The fantasy of water is that it can make itself to be the whole of the river. That there can be no rocks, banks, obstacles, directions, no bounding solid to make the river itself, only the water as if cutting the course through space. The water images it to be flowing across the milky way, like the figure-eight in Mario Galaxy, bounded by its own will to move forward against all costs. At the same time, the fantasy of the bank is that it can remain stable in ownership of the water. That its meandering won’t take the banks on which houses are built, that the loping s-curves won’t crumble and be remade through that grove, that the rocks making the bottom, making the little trickling falls, won’t erode into a smoothness and then a nothingness over time. The fantasy of the river is dual and contradictory, each part imagining itself to be not only independent, but in opposition to and eternally existing beyond its opposite.

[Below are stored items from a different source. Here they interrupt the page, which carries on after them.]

lemma finite_bounded_Ints_cart:
  "finite {x :: real^'n. \<forall>i. x$i \<in> \<int> \<and> \<bar>x$i\<bar> \<le> r}"
proof -
  define T where "T = {t::real. t \<in> \<int> \<and> \<bar>t\<bar> \<le> r}"
  have "T \<subseteq> of_int ` {\<lfloor>-r\<rfloor>..\<lceil>r\<rceil>}"
  proof
    fix t assume "t \<in> T"
    then obtain k where "t = of_int k" "\<bar>of_int k\<bar> \<le> r"
      unfolding T_def by (auto elim: Ints_cases)
    then show "t \<in> of_int ` {\<lfloor>-r\<rfloor>..\<lceil>r\<rceil>}"
      by (auto simp: floor_le_iff le_ceiling_iff abs_le_iff)
  qed
  then have "finite T"
    by (rule finite_subset) auto
  have "{x :: real^'n. \<forall>i. x$i \<in> \<int> \<and> \<bar>x$i\<bar> \<le> r} \<subseteq> (\<lambda>g. \<chi> i. g i) ` (UNIV \<rightarrow>\<^sub>E T)"
  proof
    fix x :: "real^'n" assume "x \<in> {x. \<forall>i. x$i \<in> \<int> \<and> \<bar>x$i\<bar> \<le> r}"
    then have "(\<lambda>i. x$i) \<in> UNIV \<rightarrow>\<^sub>E T"
      by (auto simp: T_def)
    then show "x \<in> (\<lambda>g. \<chi> i. g i) ` (UNIV \<rightarrow>\<^sub>E T)"
      by (rule rev_image_eqI) simp
  qed
  moreover have "finite ((\<lambda>g. (\<chi> i. g i)::real^'n) ` (UNIV \<rightarrow>\<^sub>E T))"
    using \<open>finite T\<close> by (intro finite_imageI finite_PiE) auto
  ultimately show ?thesis
    by (rule finite_subset)
qed

lemma conic_comb_sum_subset:
  assumes "finite X" and "S \<subseteq> X" and "\<forall>x\<in>S. c x \<ge> 0"
  shows "(\<Sum>x\<in>S. c x *\<^sub>R x) \<in> conic_comb X"
proof -
  have "(\<Sum>x\<in>X. (if x \<in> S then c x else 0) *\<^sub>R x) = (\<Sum>x\<in>X. if x \<in> S then c x *\<^sub>R x else 0)"
    by (intro sum.cong) auto
  also have "\<dots> = (\<Sum>x\<in>S. c x *\<^sub>R x)"
    using assms(1,2) by (simp add: sum.inter_restrict[symmetric] Int_absorb1)
  finally have "(\<Sum>x\<in>X. (if x \<in> S then c x else 0) *\<^sub>R x) = (\<Sum>x\<in>S. c x *\<^sub>R x)" .
  then show ?thesis
    unfolding conic_comb_def using assms(3)
    by (intro CollectI exI[of _ "\<lambda>x. if x \<in> S then c x else 0"]) auto
qed

lemma pointed_cone_neg_mem_imp_zero:
  assumes "pointed_cone C" and "u \<in> C" and "- u \<in> C"
  shows "u = 0"
proof (rule ccontr)
  assume "u \<noteq> 0"
  have "u \<noteq> - u"
  proof
    assume "u = - u"
    then have "2 *\<^sub>R u = 0"
      by (metis scaleR_2 add.right_inverse)
    with \<open>u \<noteq> 0\<close> show False
      by simp
  qed
  then have "0 \<in> open_segment u (- u)"
    using midpoint_in_open_segment[of u "- u"] by (simp add: midpoint_def)
  then show False
    using assms unfolding pointed_cone_def extreme_point_of_def by blast
qed

lemma zero_notin_convex_hull_if_pointed:
  assumes "finite X" and "pointed_cone (conic_comb X)"
  shows "0 \<notin> convex hull (X - {0})"
proof
  assume "0 \<in> convex hull (X - {0})"
  then obtain u where u: "\<forall>x\<in>X - {0}. 0 \<le> u x" "sum u (X - {0}) = 1"
    "(\<Sum>x\<in>X - {0}. u x *\<^sub>R x) = 0"
    using convex_hull_finite[of "X - {0}"] assms(1) by auto
  have "\<exists>y\<in>X - {0}. u y > 0"
  proof (rule ccontr)
    assume "\<not> (\<exists>y\<in>X - {0}. u y > 0)"
    then have "sum u (X - {0}) = 0"
      using u(1) by (intro sum.neutral) force
    with u(2) show False
      by simp
  qed
  then obtain y where y: "y \<in> X - {0}" "u y > 0"
    by blast
  \<comment> \<open>The term of \<open>y\<close> and the sum of the other terms are opposite points of the cone.\<close>
  have "u y *\<^sub>R y \<in> conic_comb X"
    using conic_comb_sum_subset[OF assms(1), of "{y}" u] y by auto
  moreover have "(\<Sum>x\<in>X - {0} - {y}. u x *\<^sub>R x) \<in> conic_comb X"
    using u(1) by (intro conic_comb_sum_subset assms(1)) auto
  moreover have "(\<Sum>x\<in>X - {0} - {y}. u x *\<^sub>R x) = - (u y *\<^sub>R y)"
    using u(3) y(1) assms(1) by (simp add: sum.remove[of "X - {0}" y] eq_neg_iff_add_eq_0 add.commute)
  ultimately have "u y *\<^sub>R y = 0"
    by (intro pointed_cone_neg_mem_imp_zero[OF assms(2)]) auto
  then show False
    using y by simp
qed

lemma separating_functional_finite:
  fixes Y :: "'a::euclidean_space set"
  assumes "finite Y" and "0 \<notin> convex hull Y"
  obtains d where "\<forall>y\<in>Y. d \<bullet> y \<le> -1"
proof -
  have "closed (convex hull Y)"
    using assms(1) by (intro compact_imp_closed compact_convex_hull finite_imp_compact)
  then obtain a b where "0 < b" and ab: "\<forall>x\<in>convex hull Y. b < a \<bullet> x"
    using separating_hyperplane_closed_point[OF convex_convex_hull _ assms(2)] by auto
  have "(- (1/b) *\<^sub>R a) \<bullet> y \<le> -1" if "y \<in> Y" for y
  proof -
    have "b < a \<bullet> y"
      using ab hull_subset[of Y convex] that by blast
    then show ?thesis
      using \<open>0 < b\<close> by (simp add: less_divide_eq)
  qed
  then show ?thesis
    using that by blast
qed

Beside the city of Las Vegas, a dam-made lake begins to run dry. Beneath the southern plains, pumps over an ancient aquifer begin to suck fumes. On the emerald isle, fields long thought eternal begin to go fallow. With a lifespan of only eighty years, few realize the immensity of history, the periods that rose and fall in descriptions now relegated to footnotes, despite magnitudes easily reaching out own. Over a thousand years, the fertile crescent reigned, crumbled, unified, broke apart, and finally fizzled out. The modern nation of China only makes itself after the cauldron of four thousand years fused an ever-decreasing plurality of warring kingdoms into the Imperial mass known today. Very few truly desire immortality, in fact, the common desire is for its opposite, a crunching, not an expansion of time. The terror of entropinous decline is a terror of being denied the glory, apocalypses of triumph or defeat unrealized. In brilliantly colored Victorian paintings, Rome feels like a pair of rapturous orgasms, an explosive expansion before götterdammerung, and if one squints, one can almost imagine it being a single lifetime. The fear most common is not that eternity should never come, but that eternity should be made so painfully present. That Rome should fall in a slow, barely noticeable decline. That Rome should rise in a steady expansion. The fear has never been of change, but of lack of it, a fear of dying too soon, of living too slowly, to feel the raptures imagined.